Das diese Methode nicht den schnellsten Weg findet ist erstmal egal...

--------------------
0	0	0	0	-1	0	0	
0	-1	0	0	0	0	0	
0	-1	0	0	0	-1	-1	
0	0	-1	0	0	0	0	
--done--
true
--------------------
1	1	1	1	-1	*1	1* 
1	-1	0	1	1	*1	1* 
1	-1	0	0	1	-1	-1	
1	0	-1	0	1	1	2	

Dies fetten 1er werden auch durchlaufen jedoch sind diese für mich eigentlich uninteressant.

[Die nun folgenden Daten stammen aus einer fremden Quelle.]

lemma e_q_mult_cnj:
  "e_q q (real (p * h^2)) * cnj (e_q q (real (p * h'^2))) = e_q q (of_int (int p * (int h^2 - int h'^2)))"
proof -
  have "e_q q (real (p * h^2)) * cnj (e_q q (real (p * h'^2)))
      = exp (2 * pi * \<i> * complex_of_real (real (p * h^2) / real q)
             + cnj (2 * pi * \<i> * complex_of_real (real (p * h'^2) / real q)))"
    unfolding e_q_def by (simp only: exp_cnj mult_exp_exp)
  also have "\<dots> = e_q q (of_int (int p * (int h^2 - int h'^2)))"
    unfolding e_q_def by (rule arg_cong[where f = exp], cases "q = 0") (simp_all add: field_simps)
  finally show ?thesis .
qed

lemma sum_norm_gsum_power2:
  fixes \<phi> :: "real \<Rightarrow> complex"
  assumes q: "q > 0"
  defines "a \<equiv> \<lambda>h. \<phi> (real h / real q)"
  shows "complex_of_real (\<Sum>p\<in>{1..q}. (cmod (gsum \<phi> p q))\<^sup>2)
     = of_nat q * (\<Sum>h<q. \<Sum>h'<q. if int q dvd (int h^2 - int h'^2) then a h * cnj (a h') else 0)"
proof -
  let ?E = "\<lambda>p h h'. e_q q (of_int (int p * (int h^2 - int h'^2)))"
  have "complex_of_real (\<Sum>p\<in>{1..q}. (cmod (gsum \<phi> p q))\<^sup>2) = (\<Sum>p\<in>{1..q}. gsum \<phi> p q * cnj (gsum \<phi> p q))"
    by (simp only: of_real_sum complex_norm_square)
  also have "\<dots> = (\<Sum>p\<in>{1..q}. \<Sum>h<q. \<Sum>h'<q. a h * cnj (a h') * ?E p h h')"
  proof (rule sum.cong[OF refl])
    fix p
    have "gsum \<phi> p q * cnj (gsum \<phi> p q)
        = (\<Sum>h<q. \<Sum>h'<q. (a h * e_q q (real (p * h^2))) * cnj (a h' * e_q q (real (p * h'^2))))"
      unfolding gsum_def a_def by (simp add: sum_product cnj_sum)
    also have "\<dots> = (\<Sum>h<q. \<Sum>h'<q. a h * cnj (a h') * ?E p h h')"
      by (intro sum.cong refl) (simp only: e_q_mult_cnj[symmetric] complex_cnj_mult mult_ac)
    finally show "gsum \<phi> p q * cnj (gsum \<phi> p q) = (\<Sum>h<q. \<Sum>h'<q. a h * cnj (a h') * ?E p h h')" .
  qed
  also have "\<dots> = (\<Sum>h<q. \<Sum>h'<q. \<Sum>p\<in>{1..q}. a h * cnj (a h') * ?E p h h')"
    by (subst sum.swap) (rule sum.cong[OF refl], rule sum.swap)
  also have "\<dots> = (\<Sum>h<q. \<Sum>h'<q. of_nat q * (if int q dvd (int h^2 - int h'^2) then a h * cnj (a h') else 0))"
    by (intro sum.cong refl) (simp only: sum_distrib_left[symmetric] sum_e_q_of_int_mult[OF q], simp)
  also have "\<dots> = of_nat q * (\<Sum>h<q. \<Sum>h'<q. if int q dvd (int h^2 - int h'^2) then a h * cnj (a h') else 0)"
    by (simp add: sum_distrib_left)
  finally show ?thesis .
qed
lemma mult_indep_of_small_linear_form:
  fixes a1 a2 :: rat and C :: int and l :: nat
  defines "\<Lambda> \<equiv> ln (of_rat a1) - real l * ln (of_rat a2)"
  assumes pos: "a1 > 0" "a2 > 0"
    and val_bound: "\<And>q. prime q \<Longrightarrow> \<bar>ordq q a1\<bar> \<le> C" and "C < int l"
    and small: "\<bar>\<Lambda>\<bar> < \<bar>ln (of_rat a2)\<bar>"
  shows "mult_indep a1 a2"
  unfolding mult_indep_def
proof (intro allI impI)
  fix m n :: int assume rel: "a1 powi m * a2 powi n = 1"
  have "a2 \<noteq> 1" using small by auto
  then obtain q where q: "prime q" "ordq q a2 \<noteq> 0"
    using rat_eq_1_of_ordq_eq_0[OF pos(2)] by blast
  have "ordq q (a1 powi m * a2 powi n) = 0" using rel ordq_1[OF q(1)] by simp
  hence "m * ordq q a1 = - (n * ordq q a2)" using q(1) pos by (simp add: ordq_mult ordq_power_int)
  hence "\<bar>n\<bar> * \<bar>ordq q a2\<bar> = \<bar>m\<bar> * \<bar>ordq q a1\<bar>" by (metis abs_minus_cancel abs_mult)
  also have "\<dots> \<le> \<bar>m\<bar> * C" using val_bound[OF q(1)] by (intro mult_left_mono) auto
  finally have "\<bar>n\<bar> * \<bar>ordq q a2\<bar> \<le> \<bar>m\<bar> * C" .
  moreover have "\<bar>n\<bar> \<le> \<bar>n\<bar> * \<bar>ordq q a2\<bar>"
    using q(2) mult_left_mono[of 1 "\<bar>ordq q a2\<bar>" "\<bar>n\<bar>"] by linarith
  ultimately have n_bound: "\<bar>n\<bar> \<le> C * \<bar>m\<bar>" by (simp add: mult.commute)
  have "real_of_int m * ln (of_rat a1) + real_of_int n * ln (of_rat a2) = 0"
    using arg_cong[OF rel, of "\<lambda>r. ln (of_rat r :: real)"] pos
    by (simp add: of_rat_mult of_rat_power_int ln_mult ln_power_int)
  hence log_rel: "real_of_int m * \<Lambda> = - real_of_int (n + int l * m) * ln (of_rat a2)"
    unfolding \<Lambda>_def by (simp add: algebra_simps)
  have "\<bar>m\<bar> \<le> \<bar>n + int l * m\<bar>"
  proof -
    have "(C + 1) * \<bar>m\<bar> \<le> int l * \<bar>m\<bar>" using \<open>C < int l\<close> by (intro mult_right_mono) auto
    thus ?thesis using n_bound by (simp add: abs_mult algebra_simps)
  qed
  hence "\<bar>real_of_int m\<bar> \<le> \<bar>real_of_int (n + int l * m)\<bar>" by (metis of_int_abs of_int_le_iff)
  hence "\<bar>real_of_int m\<bar> * \<bar>ln (of_rat a2)\<bar> \<le> \<bar>real_of_int (n + int l * m)\<bar> * \<bar>ln (of_rat a2)\<bar>"
    by (rule mult_right_mono) simp
  also have "\<dots> = \<bar>real_of_int m\<bar> * \<bar>\<Lambda>\<bar>"
    using log_rel by (metis abs_minus_cancel abs_mult mult_minus_left)
  finally have "\<bar>real_of_int m\<bar> * \<bar>ln (of_rat a2)\<bar> \<le> \<bar>real_of_int m\<bar> * \<bar>\<Lambda>\<bar>" .
  with small have "m = 0" by (cases "m = 0") (auto simp: mult_le_cancel_left_pos)
  with log_rel small show "m = 0 \<and> n = 0" by auto
qed

lemma linear_form_bounds:
  fixes a b Y Z D :: real and l :: nat
  assumes "a > 0" "b > 0" "Y > 0" "Z > 0" "D > 0" "4 * b * Z ^ l - a^2 * Y ^ l = D"
  shows "0 < ln (4 * b / a^2) - real l * ln (Y / Z)"
    and "ln (4 * b / a^2) - real l * ln (Y / Z) < D / (a^2 * Y ^ l)"
proof -
  define x where "x = D / (a^2 * Y ^ l)"
  have "x > 0" unfolding x_def using assms by simp
  have "(4 * b / a^2) / (Y / Z) ^ l = (a^2 * Y ^ l + D) / (a^2 * Y ^ l)"
    using assms by (simp add: field_simps power_divide)
  also have "\<dots> = 1 + x" unfolding x_def using assms by (simp add: field_simps)
  finally have ratio: "(4 * b / a^2) / (Y / Z) ^ l = 1 + x" .
  have "ln (4 * b / a^2) - real l * ln (Y / Z) = ln (4 * b / a^2) - ln ((Y / Z) ^ l)"
    using assms by (simp add: ln_realpow)
  also have "\<dots> = ln ((4 * b / a^2) / (Y / Z) ^ l)"
    using assms by (intro ln_divide_pos[symmetric]) auto
  also have "\<dots> = ln (1 + x)" using ratio by simp
  finally have "ln (4 * b / a^2) - real l * ln (Y / Z) = ln (1 + x)" .
  with \<open>x > 0\<close> show "0 < ln (4 * b / a^2) - real l * ln (Y / Z)"
    and "ln (4 * b / a^2) - real l * ln (Y / Z) < D / (a^2 * Y ^ l)"
    using ln_add_one_self_less_self unfolding x_def by auto
qed

lemma small_quotient_bound:
  fixes a Y D :: real
  assumes "1 / 124950 \<le> a" "4 \<le> Y" "0 < D" "D \<le> 2499" "1000 < l"
  shows "D / (a^2 * Y ^ l) < 1 / (2 * Y)"
proof -
  have "(4::real) ^ 1000 \<le> 4 ^ (l - 1)" using assms(5) by (intro power_increasing) auto
  also have "\<dots> \<le> Y ^ (l - 1)" using assms(2) by (intro power_mono) auto
  finally have "(1 / 124950) ^ 2 * 4 ^ 1000 \<le> a^2 * Y ^ (l - 1)"
    using assms(1) by (intro mult_mono power_mono) auto
  moreover have "2 * D < (1 / 124950 :: real) ^ 2 * 4 ^ 1000"
  proof -
    have "(2 * 2499 :: real) < 4 ^ 1000 / 124950 ^ 2" by simp
    thus ?thesis using assms(4) by (simp add: power_divide)
  qed
  ultimately have "2 * D * Y < a^2 * Y ^ (l - 1) * Y" using assms(2) by simp
  also have "\<dots> = a^2 * Y ^ l" using assms(5) by (simp flip: power_Suc2)
  finally show ?thesis using assms(1,2) by (simp add: field_simps)
qed

lemma abs_ln_divide_ge:
  fixes Y Z :: int
  assumes "Y \<ge> 1" "Z \<ge> 1" "Z \<noteq> Y"
  shows "1 / (2 * real_of_int Y) \<le> \<bar>ln (real_of_int Y / real_of_int Z)\<bar>"
proof (cases "Z > Y")
  case True
  hence "ln (real_of_int Y / real_of_int Z) \<le> ln (real_of_int Y / (real_of_int Y + 1))"
    using assms by (subst ln_le_cancel_iff) (auto intro!: divide_left_mono)
  also have "\<dots> \<le> real_of_int Y / (real_of_int Y + 1) - 1"
    using assms by (intro ln_le_minus_one) auto
  also have "\<dots> = - 1 / (real_of_int Y + 1)" using assms by (simp add: field_simps)
  also have "\<dots> \<le> - 1 / (2 * real_of_int Y)" using assms by (simp add: field_simps)
  finally show ?thesis by linarith
next
  case False
  hence "ln (real_of_int Z / real_of_int Y) \<le> real_of_int Z / real_of_int Y - 1"
    using assms by (intro ln_le_minus_one) auto
  also have "\<dots> \<le> - 1 / real_of_int Y"
  proof -
    have "real_of_int Y * (1 + real_of_int Z) \<le> real_of_int Y * real_of_int Y"
      using assms False by (intro mult_left_mono) auto
    thus ?thesis using assms by (simp add: field_simps distrib_left)
  qed
  also have "\<dots> \<le> - 1 / (2 * real_of_int Y)" using assms by (simp add: field_simps)
  finally show ?thesis using assms by (simp add: ln_div)
qed

lemma linear_form_bounds_rat:
  fixes \<alpha> \<beta> :: rat and y1 y2 D :: int and l :: nat
  assumes "\<alpha> > 0" "\<beta> > 0" "y1 \<noteq> 0" "y2 > 0" "D > 0"
    and "4 * \<beta> * of_int y2 ^ l - \<alpha>^2 * of_int y1 ^ (2 * l) = of_int D"
  shows "0 < ln (real_of_rat (4 * \<beta> / \<alpha>^2)) - real l * ln (real_of_rat (of_int y1 ^ 2 / of_int y2))"
    and "ln (real_of_rat (4 * \<beta> / \<alpha>^2)) - real l * ln (real_of_rat (of_int y1 ^ 2 / of_int y2))
          < real_of_int D / (real_of_rat \<alpha>^2 * real_of_int y1 ^ (2 * l))"
proof -
  have eq: "4 * of_rat \<beta> * of_int y2 ^ l - of_rat \<alpha> ^ 2 * of_int (y1^2) ^ l = (of_int D :: real)"
    using arg_cong[OF assms(6), of "real_of_rat"]
    by (simp add: of_rat_diff of_rat_mult of_rat_power power_mult)
  have real_pos: "0 < real_of_rat \<alpha>" "0 < real_of_rat \<beta>"
    "0 < real_of_int (y1^2)" "0 < real_of_int y2" "0 < real_of_int D"
    using assms(1-5) by (simp_all only: of_int_0_less_iff zero_less_of_rat_iff) simp
  have \<alpha>1_real: "real_of_rat (4 * \<beta> / \<alpha>^2) = 4 * of_rat \<beta> / of_rat \<alpha> ^ 2"
    by (simp add: of_rat_divide of_rat_mult of_rat_power)
  have \<alpha>2_real: "real_of_rat (of_int y1 ^ 2 / of_int y2) = of_int (y1^2) / of_int y2"
    by (simp add: of_rat_divide of_rat_power)
  have y1_pow: "real_of_int y1 ^ (2 * l) = of_int (y1^2) ^ l" by (simp add: power_mult)
  show "0 < ln (real_of_rat (4 * \<beta> / \<alpha>^2)) - real l * ln (real_of_rat (of_int y1 ^ 2 / of_int y2))"
    and "ln (real_of_rat (4 * \<beta> / \<alpha>^2)) - real l * ln (real_of_rat (of_int y1 ^ 2 / of_int y2))
          < real_of_int D / (real_of_rat \<alpha>^2 * real_of_int y1 ^ (2 * l))"
    unfolding \<alpha>1_real \<alpha>2_real y1_pow by (fact linear_form_bounds[OF real_pos eq])+
qed

lemma small_quotient_lt_abs_ln:
  fixes \<alpha> :: rat and y1 y2 D :: int and l :: nat
  assumes "1 / 124950 \<le> \<alpha>" "\<bar>y1\<bar> \<ge> 2" "y2 \<ge> 1" "y2 \<noteq> y1^2" "0 < D" "D \<le> 2499" "1000 < l"
  shows "real_of_int D / (real_of_rat \<alpha>^2 * real_of_int y1 ^ (2 * l))
          < \<bar>ln (real_of_rat (of_int y1 ^ 2 / of_int y2))\<bar>"
proof -
  have "(2::int)^2 \<le> \<bar>y1\<bar>^2" using assms(2) by (intro power_mono) auto
  hence y1_sq: "4 \<le> y1^2" by simp
  have "real_of_rat (1 / 124950) \<le> real_of_rat \<alpha>" using assms(1) by (simp only: of_rat_less_eq)
  hence "1 / 124950 \<le> real_of_rat \<alpha>" by (simp add: of_rat_divide)
  moreover have "4 \<le> real_of_int (y1^2)" "0 < real_of_int D" "real_of_int D \<le> 2499"
    using y1_sq assms(5,6) by (metis of_int_le_iff of_int_numeral of_int_0_less_iff)+
  ultimately have "real_of_int D / (real_of_rat \<alpha>^2 * real_of_int y1 ^ (2 * l)) < 1 / (2 * of_int (y1^2))"
    using small_quotient_bound assms(7) by (simp add: power_mult)
  also have "\<dots> \<le> \<bar>ln (real_of_int (y1^2) / real_of_int y2)\<bar>"
    using y1_sq assms(3,4) by (intro abs_ln_divide_ge) auto
  finally show ?thesis by (simp add: of_rat_divide of_rat_power)
qed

Wie kann ich diese "filtern"? Ich brauche den Weg ohne Sackgassen...

*Edit3*
So sollte es klappen odeR?

```
private boolean backtracker(int nextRow, int nextColumn, LinkedHashMap<String,I> hash) {
		
		if((nextRow < 0 || nextRow >= row || nextColumn < 0 || nextColumn >= column) 
				|| (matrix[nextRow][nextColumn] == 1 || matrix[nextRow][nextColumn] == -1))
			return false;
		
		if(nextRow == targetRow && nextColumn == targetColumn) {
			System.out.println("--done--");
			matrix[nextRow][nextColumn] = 2;
			return true;
		}
		
		matrix[nextRow][nextColumn] = 1;
		
		if(!hash.containsKey(nextRow + "" + nextColumn))
			hash.put(nextRow + "" + nextColumn, new I(nextRow, nextColumn));
		
		boolean moveOn = (backtracker(nextRow-1, nextColumn, hash) ||
						backtracker(nextRow, nextColumn+1, hash) ||
						backtracker(nextRow+1, nextColumn, hash) ||
						backtracker(nextRow, nextColumn-1, hash));
		
		if(moveOn)
			return true;
				
		hash.remove(nextRow + "" + nextColumn);
		
		return false;
			
	}
```


----------



## Tomate_Salat (28. Apr 2011)

habe mir das nicht komplett durchgeschaut, aber ich habe zuhause spaßeshalber auch mit soetwas begonnen. Jeder Wegpunkt ist dabei ein Objekt, welches sich merkt, ob es schonmal betreten worden ist + ob es noch unbetretene Abzweigungen davon gibt. In einer Liste speichere ich mir die History und wenn ich in einer Sackgasse lande, gehe ich solange zurück, bis ich einen Wegpunkt finde, der noch unbetretene abbiegungen besitzt. Mein nächster Schritt ist der kürzeste Weg, auch für den habe ich bereits eine Idee:
Wenn ich am ziel bin, gehe ich trotzdem wieder zurück und teste neue Wege, speichere mir diese Historie aber in einer separaten liste und halte mir nur die, mit den wenigstens Wegpunkten. Das ist wohl nicht der schnellste weg, aber es ist einer ^^


----------



## s4ke (28. Apr 2011)

Wenn es ohnehin egal ist, welcher Weg genommen wird, warum dann nicht gleich Dijkstra?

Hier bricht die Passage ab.